Coresets for Ordered Weighted Clustering

Authors: Vladimir Braverman, Shaofeng H.-C. Jiang, Robert Krauthgamer, Xuan Wu

ICML 2019 | Conference PDF | Archive PDF | Plain Text | LLM Run Details

Reproducibility Variable Result LLM Response
Research Type Experimental We validate our algorithm on a real geographical data set, and we find our coreset leads to a massive speedup of clustering computations, while maintaining high accuracy for a range of weights. ... We evaluate our coreset algorithm experimentally on real 2D geographical data. Our data set is the whole Hong Kong region extracted from Open Street Map (Open Street Map contributors, 2017), with complex objects such as roads replaced with their geometric means. The data set consists of about 1.5 million 2D points and is illustrated in Figure 2.
Researcher Affiliation Academia 1Johns Hopkins University, USA. 2Weizmann Institute of Science, Israel.
Pseudocode No The paper describes the algorithms and constructions in prose and mathematical notation but does not contain structured pseudocode or algorithm blocks.
Open Source Code No The paper does not provide any concrete access (link or explicit statement) to the source code for the methodology described.

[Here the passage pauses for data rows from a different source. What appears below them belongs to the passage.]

definition env_del :: "nat \<Rightarrow> env \<Rightarrow> env" where
  "env_del k E = (\<lambda>j. if j < k then E j else E (Suc j))"

lemma finite_dom_env_ins: "finite (dom E) \<Longrightarrow> finite (dom (env_ins k E))"
proof -
  assume "finite (dom E)"
  moreover have "dom (env_ins k E) \<subseteq> {..<k} \<union> Suc ` dom E"
  proof
    fix j assume "j \<in> dom (env_ins k E)"
    then show "j \<in> {..<k} \<union> Suc ` dom E"
      by (cases "j < k") (auto simp: env_ins_def intro!: image_eqI[where x="j - 1"] split: if_splits)
  qed
  ultimately show ?thesis by (meson finite_Un finite_imageI finite_lessThan finite_subset)
qed

lemma finite_dom_env_del: "finite (dom E) \<Longrightarrow> finite (dom (env_del k E))"
proof -
  assume "finite (dom E)"
  moreover have "dom (env_del k E) \<subseteq> {..<k} \<union> (\<lambda>j. j - 1) ` dom E"
  proof
    fix j assume "j \<in> dom (env_del k E)"
    then show "j \<in> {..<k} \<union> (\<lambda>j. j - 1) ` dom E"
      by (cases "j < k") (auto simp: env_del_def intro!: image_eqI[where x="Suc j"])
  qed
  ultimately show ?thesis by (meson finite_Un finite_imageI finite_lessThan finite_subset)
qed

lemma nonlin_env_ins: "nonlin E \<Longrightarrow> nonlin (env_ins k E)"
  by (simp add: nonlin_def env_ins_def)

lemma nonlin_env_del: "nonlin E \<Longrightarrow> nonlin (env_del k E)"
  by (simp add: nonlin_def env_del_def)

Open Datasets Yes Our data set is the whole Hong Kong region extracted from Open Street Map (Open Street Map contributors, 2017)... Map data copyrighted by Open Street Map contributors and is available from https://www.openstreetmap.org.
Dataset Splits No The paper mentions evaluating empirical error by sampling random centers, but it does not specify explicit dataset splits (e.g., train/validation/test percentages or counts) needed to reproduce data partitioning for model training or evaluation in a structured way.

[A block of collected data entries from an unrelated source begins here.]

lemma net_output_forget_struct: "net_output sf (forget_struct N) G = mpnn_output N G"
  by (simp add: mpnn_output_def net_output_def final_states_def forget_struct_def
      foldl_map layer_step_forget_layer)

instance multiset :: (countable) countable
proof
  have "inj (\<lambda>M :: 'a multiset. sorted_list_of_multiset (image_mset to_nat M))"
    by (rule injI) (metis mset_sorted_list_of_multiset multiset.inj_map_strong to_nat_split)
  then show "\<exists>f :: 'a multiset \<Rightarrow> nat. inj f"
    by (metis inj_compose inj_to_nat)
qed

instance wl_colour :: (countable) countable
  by countable_datatype

text \<open>The state of a vertex is the code \<^const>\<open>to_nat\<close> of its 1-WL colour, so every layer
  performs one refinement round and the readout encodes the colour histogram.\<close>

definition wl_net :: "nat \<Rightarrow> ('l::countable, nat, nat, 's, 'f, nat) mpnet" where
  "wl_net t = \<lparr>inp = (\<lambda>l. to_nat (WL_Init l)),
     layers = replicate t
       (\<lambda>h m. to_nat (WL_Refine (from_nat h) (from_nat m) :: 'l wl_colour),
        \<lambda>X. to_nat (image_mset (\<lambda>(_, hu, _). from_nat hu :: 'l wl_colour) X)),
     readout = (\<lambda>X. to_nat (image_mset (from_nat :: nat \<Rightarrow> 'l wl_colour) X))\<rparr>"

lemma final_states_wl_net:
  "final_states sf (wl_net t :: ('l::countable, nat, nat, 's, 'f, nat) mpnet) G =
     (\<lambda>v. to_nat (wl_col G t v))"
proof (induction t)
  case (Suc t)
  then show ?case
    by (simp add: final_states_def wl_net_def layer_step_def multiset.map_comp comp_def
        flip: replicate_append_same)
qed (simp add: final_states_def wl_net_def)

lemma net_output_wl_net:
  "net_output sf (wl_net t :: ('l::countable, nat, nat, 's, 'f, nat) mpnet) G =
     to_nat (image_mset (wl_col G t) (mset_set (verts G)))"
  by (simp add: net_output_def final_states_wl_net multiset.map_comp comp_def)
    (simp add: wl_net_def multiset.map_comp comp_def)

lemma wl_net_distinguishes:
  fixes G1 G2 :: "('l::countable, 'f) lgraph"
  assumes "wl_distinguishes G1 G2"
  shows "\<exists>t. net_output sf1 (wl_net t :: ('l, nat, nat, 's, 'f, nat) mpnet) G1 \<noteq>
             net_output sf2 (wl_net t :: ('l, nat, nat, 's, 'f, nat) mpnet) G2"
  using assms unfolding wl_distinguishes_def net_output_wl_net by auto

section \<open>Regular graphs with uniform features\<close>

definition regular :: "nat \<Rightarrow> ('v, 'z) sgraph_scheme \<Rightarrow> bool" where
  "regular d G \<longleftrightarrow> (\<forall>v\<in>verts G. card (nbrs G v) = d)"

lemma layer_step_regular:
  fixes G :: "('l, 'f) lgraph"
  assumes "wf_sgraph G" and "regular d G" and "efeat G = (\<lambda>_ _. e)"
    and "\<forall>u\<in>verts G. h u = c" and "v \<in> verts G"
  shows "layer_step (\<lambda>_ _. ()) G L h v = fst L c (snd L (replicate_mset d (c, c, (), e)))"
proof -
  have "image_mset (\<lambda>u. (h v, h u, (), efeat G u v)) (mset_set (nbrs G v)) =
        replicate_mset (card (nbrs G v)) (c, c, (), e)"
    using assms nbrs_subset_verts[OF assms(1)]
    by (intro image_mset_mset_set_const_on finite_nbrs) auto
  then show ?thesis
    using assms(2,4,5) by (simp add: layer_step_def regular_def)
qed

lemma final_states_regular:
  fixes G :: "('l, 'f) lgraph"
  assumes "wf_sgraph G" and "regular d G" and "label G = (\<lambda>_. l)" and "efeat G = (\<lambda>_ _. e)"
    and "v \<in> verts G"
  shows "final_states (\<lambda>_ _. ()) N G v =
           foldl (\<lambda>c L. fst L c (snd L (replicate_mset d (c, c, (), e)))) (inp N l) (layers N)"
proof -
  have "\<forall>u\<in>verts G. h u = c \<Longrightarrow>
        foldl (\<lambda>h L. layer_step (\<lambda>_ _. ()) G L h) h Ls v =
        foldl (\<lambda>c L. fst L c (snd L (replicate_mset d (c, c, (), e)))) c Ls" for h c Ls
  proof (induction Ls arbitrary: h c)
    case (Cons L Ls)
    have "\<forall>u\<in>verts G.
            layer_step (\<lambda>_ _. ()) G L h u = fst L c (snd L (replicate_mset d (c, c, (), e)))"
      using layer_step_regular[OF assms(1,2,4) Cons.prems] by blast
    from Cons.IH[OF this] show ?case by simp
  qed (use assms(5) in simp)
  from this[of "\<lambda>_. inp N l" "inp N l"] show ?thesis
    using assms(3) by (simp add: final_states_def)
qed

lemma wl_col_regular:
  fixes G :: "('l, 'f) lgraph"
  assumes "wf_sgraph G" and "regular d G" and "label G = (\<lambda>_. l)" and "v \<in> verts G"
  shows "wl_col G t v = ((\<lambda>c. WL_Refine c (replicate_mset d c)) ^^ t) (WL_Init l)"
  using assms(4)
proof (induction t arbitrary: v)
  case (Suc t)
  let ?c = "((\<lambda>c. WL_Refine c (replicate_mset d c)) ^^ t) (WL_Init l)"
  have "image_mset (wl_col G t) (mset_set (nbrs G v)) = replicate_mset (card (nbrs G v)) ?c"
    using Suc.IH nbrs_subset_verts[OF assms(1)]
    by (intro image_mset_mset_set_const_on finite_nbrs assms(1)) auto
  moreover have "card (nbrs G v) = d"
    using assms(2) Suc.prems by (simp add: regular_def)
  ultimately have "wl_col G (Suc t) v = WL_Refine ?c (replicate_mset d ?c)"
    using Suc.IH[OF Suc.prems] by (simp only: wl_col.simps)
  then show ?case
    by (simp only: funpow.simps comp_def)
qed (simp add: assms(3))

definition regular_twins :: "('l, 'f) lgraph \<Rightarrow> ('l, 'f) lgraph \<Rightarrow> bool" where
  "regular_twins G1 G2 \<longleftrightarrow> wf_sgraph G1 \<and> wf_sgraph G2 \<and> card (verts G1) = card (verts G2) \<and>
     (\<exists>d. regular d G1 \<and> regular d G2) \<and>
     (\<exists>l. label G1 = (\<lambda>_. l) \<and> label G2 = (\<lambda>_. l)) \<and>
     (\<exists>e. efeat G1 = (\<lambda>_ _. e) \<and> efeat G2 = (\<lambda>_ _. e))"

lemma regular_twins_not_wl_distinguishes:
  assumes "regular_twins G1 G2"
  shows "\<not> wl_distinguishes G1 G2"
proof -
  obtain d l where twins: "card (verts G1) = card (verts G2)"
    and "\<And>G. G \<in> {G1, G2} \<Longrightarrow> wf_sgraph G \<and> regular d G \<and> label G = (\<lambda>_. l)"
    using assms unfolding regular_twins_def by blast
  then have "image_mset (wl_col G t) (mset_set (verts G)) =
      replicate_mset (card (verts G)) (((\<lambda>c. WL_Refine c (replicate_mset d c)) ^^ t) (WL_Init l))"
    if "G \<in> {G1, G2}" for G t
    using that by (intro image_mset_mset_set_const_on) (auto simp: wf_sgraph_def wl_col_regular)
  then show ?thesis
    using twins by (simp add: wl_distinguishes_def)
qed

Hardware Specification Yes All our experiments were conducted on a laptop computer with an Intel 4-core 2.8 GHz CPU and 64 GB memory.

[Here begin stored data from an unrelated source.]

text \<open>A crude form of Hoelder's inequality on a set of measure one, obtained by integrating
  \<open>y \<le> a + a powr (1 - s) * y powr s\<close> with \<open>a\<close> the \<open>L\<^sup>s\<close>-norm.\<close>
lemma nn_integral_le_2_nn_Lp_norm:
  assumes s: "1 \<le> s" and [measurable]: "Q \<in> sets M" "g \<in> borel_measurable M" and "emeasure M Q = 1"
  shows "(\<integral>\<^sup>+x. g x * indicator Q x \<partial>M) \<le> 2 * nn_Lp_norm M s (\<lambda>x. g x * indicator Q x)"
proof -
  define G where "G x = g x * indicator Q x" for x
  have [measurable]: "G \<in> borel_measurable M"
    unfolding G_def by measurable
  consider "nn_Lp_norm M s G = top" | "nn_Lp_norm M s G = 0" | a where "nn_Lp_norm M s G = ennreal a" "a > 0"
    by (metis ennreal_cases ennreal_eq_0_iff not_le)
  then have "(\<integral>\<^sup>+x. G x \<partial>M) \<le> 2 * nn_Lp_norm M s G"
  proof cases
    case 2
    then have "AE x in M. G x = 0"
      using s by (intro nn_Lp_norm_eq_0_imp_AE) auto
    then show ?thesis
      by (simp add: nn_integral_0_iff_AE[THEN iffD2])
  next
    case 3
    have "G x \<le> ennreal a * indicator Q x + ennreal (a powr (1 - s)) * epow (G x) s" for x
    proof (cases "G x")
      case (real y)
      then have "x \<in> Q \<Longrightarrow> G x \<le> ennreal (a + a powr (1 - s) * y powr s)"
        using le_add_powr_weighted[of a y s] 3 s by (simp add: ennreal_leI del: ennreal_plus)
      with real 3 show ?thesis
        by (auto simp: G_def epow_ennreal ennreal_mult split: split_indicator)
    qed (use 3 in \<open>simp add: ennreal_mult_top\<close>)
    then have "(\<integral>\<^sup>+x. G x \<partial>M)
        \<le> (\<integral>\<^sup>+x. ennreal a * indicator Q x + ennreal (a powr (1 - s)) * epow (G x) s \<partial>M)"
      by (intro nn_integral_mono)
    also have "\<dots> = ennreal a + ennreal (a powr (1 - s)) * ennreal (a powr s)"
      using assms 3 nn_integral_epow_eq[OF 3(1)] by (simp add: nn_integral_add nn_integral_cmult)
    also have "\<dots> = 2 * nn_Lp_norm M s G"
      using 3 by (simp add: powr_add[symmetric] mult_2 flip: ennreal_mult)
    finally show ?thesis .
  qed simp
  then show ?thesis
    unfolding G_def .
qed

lemma nn_integral_le_ess_sup:
  assumes [measurable]: "Q \<in> sets M" and "emeasure M Q = 1"
  shows "(\<integral>\<^sup>+x. g x * indicator Q x \<partial>M) \<le> ess_sup M (\<lambda>x. g x * indicator Q x)"
proof -
  have "AE x in M. g x * indicator Q x \<le> ess_sup M (\<lambda>x. g x * indicator Q x) * indicator Q x"
    using AE_le_ess_sup[of "\<lambda>x. g x * indicator Q x" M] by (auto elim!: eventually_mono split: split_indicator)
  then have "(\<integral>\<^sup>+x. g x * indicator Q x \<partial>M)
      \<le> (\<integral>\<^sup>+x. ess_sup M (\<lambda>x. g x * indicator Q x) * indicator Q x \<partial>M)"
    by (rule nn_integral_mono_AE)
  with assms show ?thesis
    by (simp add: nn_integral_cmult_indicator)
qed

lemma nn_integral_le_2_nn_Lnorm:
  assumes "1 \<le> q" "Q \<in> sets M" "g \<in> borel_measurable M" "emeasure M Q = 1"
  shows "(\<integral>\<^sup>+x. g x * indicator Q x \<partial>M) \<le> 2 * nn_Lnorm M q (\<lambda>x. g x * indicator Q x)"
proof (cases "q = top")
  case True
  then have "(\<integral>\<^sup>+x. g x * indicator Q x \<partial>M) \<le> nn_Lnorm M q (\<lambda>x. g x * indicator Q x)"
    using nn_integral_le_ess_sup[OF assms(2,4)] by (simp add: nn_Lnorm_def)
  also have "\<dots> \<le> 2 * nn_Lnorm M q (\<lambda>x. g x * indicator Q x)"
    unfolding mult_2 by (rule add_increasing) auto
  finally show ?thesis .
next
  case False
  then show ?thesis
    using nn_integral_le_2_nn_Lp_norm[OF enn2real_ge_1[OF assms(1) False] assms(2-4)]
    by (simp add: nn_Lnorm_def)
qed

lemma convergent_if_summable_abs_diff:
  fixes a :: "nat \<Rightarrow> real"
  assumes "summable (\<lambda>j. \<bar>a (Suc j) - a j\<bar>)"
  shows "convergent a"
proof -
  have "(\<lambda>n. \<Sum>j<n. a (Suc j) - a j) \<longlonglongrightarrow> (\<Sum>j. a (Suc j) - a j)"
    using summable_LIMSEQ[OF summable_rabs_cancel[OF assms]] .
  then have "(\<lambda>n. a 0 + (\<Sum>j<n. a (Suc j) - a j)) \<longlonglongrightarrow> a 0 + (\<Sum>j. a (Suc j) - a j)"
    by (intro tendsto_add) auto
  then show ?thesis
    by (auto simp: sum_lessThan_telescope convergent_def)
qed

lemma abs_diff_lim_le_suminf:
  fixes a :: "nat \<Rightarrow> real"
  assumes "summable (\<lambda>j. \<bar>a (Suc j) - a j\<bar>)"
  shows "\<bar>a j - lim a\<bar> \<le> (\<Sum>i. \<bar>a (Suc (i + j)) - a (i + j)\<bar>)"
proof -
  have "(\<lambda>i. a (i + j)) \<longlonglongrightarrow> lim a"
    using convergent_if_summable_abs_diff[OF assms] LIMSEQ_ignore_initial_segment
    by (auto simp: convergent_LIMSEQ_iff)
  then have "(\<lambda>i. a (Suc (i + j)) - a (i + j)) sums (lim a - a j)"
    using telescope_sums[of "\<lambda>i. a (i + j)"] by simp
  moreover have "summable (\<lambda>i. \<bar>a (Suc (i + j)) - a (i + j)\<bar>)"
    using summable_ignore_initial_segment[OF assms, of j] by simp
  ultimately show ?thesis
    by (metis abs_minus_commute sums_unique summable_rabs)
qed

lemma fast_Cauchy_subseq:
  fixes d :: "nat \<Rightarrow> nat \<Rightarrow> ennreal"
  assumes "\<forall>e>0. \<exists>K. \<forall>k\<ge>K. \<forall>l\<ge>K. d k l < e"
  obtains \<phi> where "\<And>j. \<phi> j \<le> \<phi> (Suc j)"
    and "\<And>j k l. \<phi> j \<le> k \<Longrightarrow> \<phi> j \<le> l \<Longrightarrow> d k l < ennreal ((1 / 2) ^ j)"
proof -
  have "\<forall>j. \<exists>K. \<forall>k\<ge>K. \<forall>l\<ge>K. d k l < ennreal ((1 / 2) ^ j)"
    using assms by simp
  then obtain K where K: "\<And>j k l. K j \<le> k \<Longrightarrow> K j \<le> l \<Longrightarrow> d k l < ennreal ((1 / 2) ^ j)"
    by metis
  define \<phi> where "\<phi> j = (\<Sum>i\<le>j. K i)" for j
  have "K j \<le> \<phi> j" for j
    unfolding \<phi>_def by (rule member_le_sum) auto
  moreover have "\<phi> j \<le> \<phi> (Suc j)" for j
    unfolding \<phi>_def by simp
  ultimately show ?thesis
    using that K by (meson order_trans)
qed

lemma suminf_ennreal_half_power: "(\<Sum>i. ennreal ((1 / 2) ^ (i + j))) = ennreal (2 * (1 / 2) ^ j)"
proof -
  have "(\<lambda>i. (1 / 2 :: real) ^ j * (1 / 2) ^ i) sums ((1 / 2) ^ j * 2)"
    using sums_mult[OF geometric_sums, of "1 / 2 :: real" "(1 / 2) ^ j"] by simp
  then show ?thesis
    by (simp add: power_add mult.commute sums_ennreal sums_unique[symmetric])
qed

Software Dependencies No The algorithms are written in Java programming language and are implemented single threaded. No specific library names with version numbers are provided.
Experiment Setup Yes To examine the performance of our coreset algorithm for p-CENTRUM (using the heuristic for the initial centers), we execute it with parameters p = 0.1n and k = 2, and let the error guarantee ϵ vary... We experiment with the different parameters for coresets of p-CENTRUM, and we find out that the empirical error is always far lower than our error guarantee ϵ.